== Problem to work on ==
Show every line of the data where the word "subseteq" can be found.

== Data for processing ==
lemma sum_layered_edge_sets:
  "(\<Sum>E\<in>layered_edge_sets n L. w ^ card E) = (\<Prod>g\<in>in_blocks L. block_weight w L g)"
proof -
  let ?P = "{1..n} \<times> {1..n}"
  have sets: "layered_edge_sets n L = {E \<in> Pow ?P. root_layered E L}"
    by (auto simp: layered_edge_sets_def)
  have "(\<Sum>E\<in>layered_edge_sets n L. w ^ card E)
      = (\<Sum>E\<in>Pow ?P. if root_layered E L then w ^ card E else 0)"
    unfolding sets by (intro sum.inter_filter) simp
  also have "\<dots> = (\<Sum>E\<in>Pow ?P. \<Prod>g\<in>in_blocks L.
      if block_admissible g (E \<inter> in_block L g) then w ^ card (E \<inter> in_block L g) else 0)"
    by (intro sum.cong refl prod_block_admissible_power_card[symmetric]) simp
  also have "\<dots> = (\<Prod>g\<in>in_blocks L. \<Sum>T\<in>Pow (in_block L g).
      if block_admissible g T then w ^ card T else 0)"
    using sum_Pow_UN_disjoint[OF finite_in_blocks finite_in_block disjoint_in_block] Union_in_block
    by simp
  also have "\<dots> = (\<Prod>g\<in>in_blocks L. block_weight w L g)"
    by (intro prod.cong refl sum_block_admissible_power_card)
  finally show ?thesis .
qed

lemma layered_edge_law_eq:
  assumes "w > 0" "E \<subseteq> {1..n} \<times> {1..n}"
  shows "layered_edge_law (w / (1 + w)) L E
       = (if root_layered E L then w ^ card E else 0) / (\<Sum>E'\<in>layered_edge_sets n L. w ^ card E')"
proof -
  have "layered_edge_law (w / (1 + w)) L E = (\<Prod>g\<in>in_blocks L.
      (if block_admissible g (E \<inter> in_block L g) then w ^ card (E \<inter> in_block L g) else 0)
        / block_weight w L g)"
    unfolding layered_edge_law_eq_prod_block_law using block_law_eq[OF assms(1)]
    by (intro prod.cong) auto
  then show ?thesis
    by (simp add: prod_dividef prod_block_admissible_power_card[OF assms(2)] sum_layered_edge_sets)
qed

lemma root_layering_vertices:
  assumes "G \<in> labelled_dags" "root_layering G = L"
  shows "fst G = n"
proof -
  obtain n' E where G: "G = (n', E)" "E \<subseteq> {1..n'} \<times> {1..n'}" "acyclic E"
    using assms(1) by (auto simp: labelled_dags_def)
  then have "finite E" by (meson finite_SigmaI finite_atLeastAtMost finite_subset)
  then have "\<Union>(set L) = {1..n'}"
    using layering_fuel_covers[of E "{1..n'}" n'] G assms(2) by (simp add: root_layering_def)
  then have "{1..n'} = {1..n}" by (metis layers_Union)
  then have "n' = n" by (metis card_atLeastAtMost diff_Suc_1)
  then show ?thesis using G(1) by simp
qed

lemma dags_with_root_layering:
  "{G \<in> labelled_dags. root_layering G = L} = (\<lambda>E. (n, E)) ` layered_edge_sets n L"
proof (intro set_eqI iffI)
  fix G assume "G \<in> {G \<in> labelled_dags. root_layering G = L}"
  then have dag: "G \<in> labelled_dags" and layering: "root_layering G = L" by auto
  obtain E where G: "G = (n, E)"
    using root_layering_vertices[OF dag layering] by (cases G) auto
  then have "E \<subseteq> {1..n} \<times> {1..n}"
    using dag by (simp add: labelled_dags_def)
  moreover have "root_layered E L"
    using root_layering_eq_iff[OF calculation] layering G by simp
  ultimately show "G \<in> (\<lambda>E. (n, E)) ` layered_edge_sets n L"
    using G by (simp add: layered_edge_sets_def)
next
  fix G assume "G \<in> (\<lambda>E. (n, E)) ` layered_edge_sets n L"
  then obtain E where G: "G = (n, E)" "E \<subseteq> {1..n} \<times> {1..n}" "root_layered E L"
    by (auto simp: layered_edge_sets_def)
  then have "acyclic E"
    using root_layered_acyclic layers_Union by simp
  then show "G \<in> {G \<in> labelled_dags. root_layering G = L}"
    using G root_layering_eq_iff by (simp add: labelled_dags_def)
qed

lemma boltzmann_prob_layered:
  assumes "E \<in> layered_edge_sets n L"
  shows "boltzmann_prob z w (n, E) = boltzmann_prob z w (n, {}) * w ^ card E"
proof -
  have "(n, E) \<in> labelled_dags"
    using assms dags_with_root_layering by blast
  moreover have "(n, {}) \<in> labelled_dags"
    by (simp add: labelled_dags_def acyclic_def)
  ultimately show ?thesis
    by (simp add: boltzmann_prob_def dag_weight_def)
qed

lemma boltzmann_event_root_layering:
  "boltzmann_event z w (\<lambda>G. root_layering G = L)
     = boltzmann_prob z w (n, {}) * (\<Sum>E\<in>layered_edge_sets n L. w ^ card E)"
proof -
  have "finite (layered_edge_sets n L)"
    by (rule finite_subset[of _ "Pow ({1..n} \<times> {1..n})"]) (auto simp: layered_edge_sets_def)
  then show ?thesis
    unfolding boltzmann_event_def dags_with_root_layering
    by (simp add: sum.reindex inj_on_def boltzmann_prob_layered sum_distrib_left)
qed

end

lemma DAG_gf_pos:
  assumes "z \<ge> 0" "w \<ge> 0" "DAG_finite z w"
  shows "DAG_gf z w > 0"
proof -
  have "(0, {}) \<in> labelled_dags"
    by (simp add: labelled_dags_def acyclic_def)
  moreover have "dag_weight z w G \<ge> 0" for G
    using assms(1,2) by (simp add: dag_weight_def)
  ultimately have "infsum (dag_weight z w) {(0, {})} \<le> DAG_gf z w"
    using assms(3) unfolding DAG_gf_def DAG_finite_def by (intro infsum_mono2) auto
  then show ?thesis
    by (simp add: dag_weight_def binomial_eq_0)
qed

theorem lemma4:
  fixes z w :: real and n :: nat and L :: "nat set list" and E :: "(nat \<times> nat) set"
  assumes "z > 0" and "w > 0"
    and "DAG_finite z w"
    and "ordered_partition n L"
    and "E \<subseteq> {1..n} \<times> {1..n}"
  shows "(if root_layering (n, E) = L then boltzmann_prob z w (n, E) else 0)
           / boltzmann_event z w (\<lambda>G. root_layering G = L)
         = layered_edge_law (w / (1 + w)) L E"
proof -
  have "boltzmann_prob z w (n, {}) > 0"
    using assms(1,2) DAG_gf_pos[OF _ _ assms(3)]
    by (simp add: boltzmann_prob_def labelled_dags_def acyclic_def dag_weight_def)
  moreover have "root_layering (n, E) = L \<longleftrightarrow> root_layered E L"
    by (rule root_layering_eq_iff[OF assms(4,5)])
  moreover have "layered_edge_law (w / (1 + w)) L E
      = (if root_layered E L then w ^ card E else 0) / (\<Sum>E'\<in>layered_edge_sets n L. w ^ card E')"
    by (rule layered_edge_law_eq[OF assms(4,2,5)])
  moreover have "E \<in> layered_edge_sets n L \<longleftrightarrow> root_layered E L"
    using assms(5) by (simp add: layered_edge_sets_def)
  ultimately show ?thesis
    using boltzmann_prob_layered[OF assms(4)] boltzmann_event_root_layering[OF assms(4)] by auto
qed

end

== Output for this task ==
  assumes "w > 0" "E \<subseteq> {1..n} \<times> {1..n}"
  obtain n' E where G: "G = (n', E)" "E \<subseteq> {1..n'} \<times> {1..n'}" "acyclic E"
  then have "E \<subseteq> {1..n} \<times> {1..n}"
  then obtain E where G: "G = (n, E)" "E \<subseteq> {1..n} \<times> {1..n}" "root_layered E L"
    and "E \<subseteq> {1..n} \<times> {1..n}"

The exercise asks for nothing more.